Electrophysiology Service and Adult Congenital Heart Centre, Montreal Heart Institute, Université de Montréal, Montreal, Quebec, Canada.
Electrophysiology Service and Adult Congenital Heart Centre, Montreal Heart Institute, Université de Montréal, Montreal, Quebec, Canada.
Int J Cardiol. 2019 Jul 15;287:148-154. doi: 10.1016/j.ijcard.2019.01.079. Epub 2019 Jan 26.

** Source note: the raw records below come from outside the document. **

(* Let $a>1$ and $b>1$ be irrational numbers, and let $a_n=[an]$ and $b_n=[bn]$ for positive integers $n$. Then $$\lim_{k \to \infty}\frac{1}{k} \sum_{n=1}^\infty \left(\frac{a_{n+k}}{a_n}-\frac{b_{n+k}}{b_n}\right) + \sum_{n=1}^{\infty}\frac{a \{a^{-1} (n+1)\}-b\{b^{-1}(n+1)\}}{n(n+1)}= \log\frac{a}{b}.$$
   Context: For a real number $x$, $[x]$ denotes the greatest integer not exceeding $x$ and $\{x\}=x-[x]$ its fractional part. Here $k$ ranges over positive integers. *)

theory Defs
  imports Complex_Main
begin

definition beatty :: "real \<Rightarrow> nat \<Rightarrow> real" where
  "beatty x n = real_of_int \<lfloor>x * real n\<rfloor>"

definition ratio_term :: "real \<Rightarrow> real \<Rightarrow> nat \<Rightarrow> nat \<Rightarrow> real" where
  "ratio_term a b k n = beatty a (n + k) / beatty a n - beatty b (n + k) / beatty b n"

definition frac_term :: "real \<Rightarrow> real \<Rightarrow> nat \<Rightarrow> real" where
  "frac_term a b n = (a * frac (real (n + 1) / a) - b * frac (real (n + 1) / b))
                     / (real n * real (n + 1))"

end

theory Submission
  imports Defs "HOL-Analysis.Harmonic_Numbers" "HOL-Real_Asymp.Real_Asymp"
begin

(* The term a_{n+k}/a_n - (n+k)/n equals
   k (a/a_n - 1/n), plus the telescoping difference G_n - G_{n+k} of the defect
   G_n = a n/a_n - 1 in [0, 1/n], minus a nonnegative remainder of size at most
   (a k + 1)/(n (n+k)).  Summed over n the last two parts are O(log k), so the k-th mean
   tends to D_a = sum_n (a/a_n - 1/n).  As a is irrational, [(m+1)/a] - [m/a] is the
   indicator of the Beatty set {a_n}, so sum_{n<=N} 1/a_n = sum_{m<=a_N} ([(m+1)/a] - [m/a])/m,
   and Abel summation with [x] = x - {x} gives D_a = log a + 1 - sum_m a{(m+1)/a}/(m(m+1)).
   The theorem is D_a - D_b: the terms (n+k)/n cancel. *)

lemma sums_diff_shift:
  fixes g :: "nat \<Rightarrow> 'a::real_normed_vector"
  assumes "g \<longlonglongrightarrow> 0"
  shows "(\<lambda>n. g n - g (n + k)) sums (\<Sum>i<k. g i)"
proof -
  have "(\<lambda>n. g (n + i) - g (Suc n + i)) sums g i" for i
    using telescope_sums'[OF LIMSEQ_ignore_initial_segment[OF assms, of i]] by simp
  then have "(\<lambda>n. \<Sum>i<k. g (n + i) - g (Suc n + i)) sums (\<Sum>i<k. g i)"
    by (rule sums_sum)
  moreover have "(\<Sum>i<k. g (n + i) - g (Suc n + i)) = g n - g (n + k)" for n
    using sum_lessThan_telescope'[of "\<lambda>i. g (n + i)" k] by simp
  ultimately show ?thesis by simp
qed

lemma harm_sums_shift: "(\<lambda>n. 1 / real (n + 1) - 1 / real (n + 1 + k)) sums harm k"
proof -
  have "(\<lambda>n. 1 / real (n + 1)) \<longlonglongrightarrow> 0"
    using LIMSEQ_Suc[OF lim_inverse_n'] by simp
  from sums_diff_shift[OF this, of k] show ?thesis
    by (simp add: harm_altdef add_ac divide_inverse)
qed

lemma harm_div_tendsto_0: "(\<lambda>k. harm k / real k) \<longlonglongrightarrow> (0::real)"
proof -
  have "(\<lambda>k. (harm k - ln (real k)) * (1 / real k) + ln (real k) / real k)
          \<longlonglongrightarrow> euler_mascheroni * 0 + 0"
    by (intro tendsto_add tendsto_mult euler_mascheroni_LIMSEQ) real_asymp+
  then show ?thesis by (simp add: diff_divide_distrib)
qed
theorem proposition2p2:
  fixes r :: nat and V :: "'a set" and E :: "'a set set"
  assumes "r \<ge> 2"
    and "uniform_hypergraph r V E"
    and "E \<noteq> {}"
  shows "real (single_conflict_chromatic V E)
           \<le> real_of_int \<lceil>real r * real (max_degree V E) powr (1 / real r)\<rceil>"
proof -
  define \<beta> where "\<beta> = real (max_degree V E) powr (1 / real r)"
  define k where "k = nat \<lceil>real r * \<beta>\<rceil>"
  have "max_degree V E > 0"
    using assms by (intro max_degree_pos[of r]) auto
  then have "0 < \<beta>" and "\<beta> ^ r = real (max_degree V E)"
    using assms(1) by (simp_all add: \<beta>_def powr_realpow[symmetric] powr_powr)
  have "2 * \<beta> \<le> real r * \<beta>"
    using assms(1) \<open>0 < \<beta>\<close> by simp
  then have k: "real k = real_of_int \<lceil>real r * \<beta>\<rceil>" and "2 * \<beta> \<le> real k"
    unfolding k_def using \<open>0 < \<beta>\<close> by linarith+
  then have "k \<ge> 1"
    using \<open>0 < \<beta>\<close> by linarith
  moreover have "conflict_colorable k V E c" for c
    using assms(1,2) \<open>0 < \<beta>\<close> \<open>\<beta> ^ r = real (max_degree V E)\<close> \<open>2 * \<beta> \<le> real k\<close>
    by (intro conflict_colorable_if_degree_le_power) auto
  ultimately have "single_conflict_chromatic V E \<le> k"
    unfolding single_conflict_chromatic_def by (intro Least_le) blast
  then show ?thesis
    using k by (simp add: \<beta>_def)
qed

end
(* Let $K_1,K_2\ge1$ be integers, $n\ge0$, let $P_n(x,y),Q_n(x,y)$ be real polynomials of degree $n$, and let $\mathrm{a}_1,\ldots,\mathrm{a}_{K_1},\mathrm{b}_1,\ldots,\mathrm{b}_{K_2}$ be nonzero real numbers with $\mathrm{a}_j\ne\mathrm{a}_\ell$ and $\mathrm{b}_j\neq\mathrm{b}_\ell$ for $j\ne\ell$. For $0<r<\rho:=\min_{j,k}\{|\mathrm{a}_j|,|\mathrm{b}_k|\}$ let $\gamma_r=\{(x,y):x^2+y^2=r^2\}$ and \[ I(r)=\int_{\gamma_r}\frac{Q_n(x,y)\,dx-P_n(x,y)\,dy}{\prod_{j=1}^{K_1}(x-\mathrm{a}_j)\prod_{k=1}^{K_2}(y-\mathrm{b}_k)}. \] Then there exist real polynomials $U^{j,k}(\rho),V^{j,k}(\rho)$ ($j=1,\ldots,K_1$, $k=1,\ldots,K_2$) of degree at most $[n/2]+1$ and a real polynomial $W(\rho)$ of degree at most $[(n-1)/2]$ such that for all $0<r<\rho$, \[ I(r)=\sum_{j=1}^{K_1}\left(\sum_{k=1}^{K_2}\frac{U^{j,k}(r^2)}{\mathrm{a}_j^2+\mathrm{b}_k^2-r^2}\right)\frac{1}{\sqrt{\mathrm{a}_j^2-r^2}}+\sum_{k=1}^{K_2}\left(\sum_{j=1}^{K_1}\frac{V^{j,k}(r^2)}{\mathrm{a}_j^2+\mathrm{b}_k^2-r^2}\right)\frac{1}{\sqrt{\mathrm{b}_k^2-r^2}}+W(r^2). \]
   Context: $[s]$ denotes the integer part of $s$ (so $[(n-1)/2]=-1$ when $n=0$, meaning $W=0$). The circle $\gamma_r$ is parametrized by $(r\cos\theta,r\sin\theta)$, $\theta\in[0,2\pi]$. *)

theory Defs
  imports "HOL-Analysis.Analysis" "HOL-Computational_Algebra.Polynomial"
begin

text \<open>A real polynomial in two variables of total degree at most n is represented by
its coefficient function c, where c i j is the coefficient of x^i y^j; only the
coefficients with i + j \<le> n are used.\<close>
definition bipoly_eval :: "nat \<Rightarrow> (nat \<Rightarrow> nat \<Rightarrow> real) \<Rightarrow> real \<Rightarrow> real \<Rightarrow> real" where
  "bipoly_eval n c x y = (\<Sum>i\<le>n. \<Sum>j\<le>n - i. c i j * x ^ i * y ^ j)"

A convergence of epidemiological and clinical features has prompted a precipitous rise in the prevalence of atrial fibrillation (AF) in the expanding population of adults with congenital heart disease. Herein, we synthesize the current state of knowledge on epidemiological features, associated morbidities, and pathophysiological insights regarding AF in adults with congenital heart disease. Management issues are examined including surgical, pharmacological, and catheter-based therapies. Throughout, knowledge gaps and avenues for future research are identified. Although AF has been coined the next arrhythmic epidemic to strike adults with congenital heart disease, it has already usurped atrial macroreentrant tachycardia as the most common presenting arrhythmia over the age of 50 years. Much remains to be discovered about the mitigating role of types of congenital defects, residual hemodynamic lesions, surgical sequelae, and ramifications of shunts and cyanosis on mechanisms and determinants of AF. Thromboprophylaxis is the cornerstone of pharmacological management, with anticoagulation recommended in patients with moderate or complex congenital heart disease and those with significant valve disease or risk factors for stroke. Considering the limited success with antiarrhythmic drugs, catheter ablation is increasingly performed. Non-pulmonary vein sources, focal and reentrant arrhythmias, appear to be important triggers for AF in this population. As such, they should be identified and addressed during catheter ablation interventions. The nascent literature on electrical isolation of pulmonary veins suggests that it is feasible and safe, although initial success rates appear to be modest. A more thorough understanding of underlying mechanisms and substrates carries the potential to further improve outcomes.
流行病学和临床特征的融合促使先天性心脏病成年患者中房颤(AF)的患病率急剧上升。在此,我们综合了目前关于先天性心脏病成年患者中 AF 的流行病学特征、相关合并症和病理生理学见解的知识。检查了管理问题,包括手术、药物和导管治疗。在整个过程中,确定了知识空白和未来研究的方向。尽管 AF 已被称为下一个侵袭先天性心脏病成年患者的心律失常流行症,但它已经取代了心房大折返性心动过速,成为 50 岁以上人群最常见的心律失常。关于先天性缺陷类型、残留血流动力学病变、手术后遗症、分流和紫绀对 AF 的机制和决定因素的缓解作用,仍有许多需要发现。血栓预防是药物治疗的基石,建议中度或复杂先天性心脏病患者以及有严重瓣膜疾病或中风危险因素的患者进行抗凝治疗。考虑到抗心律失常药物的疗效有限,越来越多地进行导管消融。非肺静脉源、局灶性和折返性心律失常似乎是该人群中 AF 的重要触发因素。因此,在导管消融干预期间,应识别和处理这些因素。肺静脉电隔离的初步文献表明,它是可行和安全的,尽管初始成功率似乎较低。对潜在机制和底物的更深入了解有可能进一步改善结果。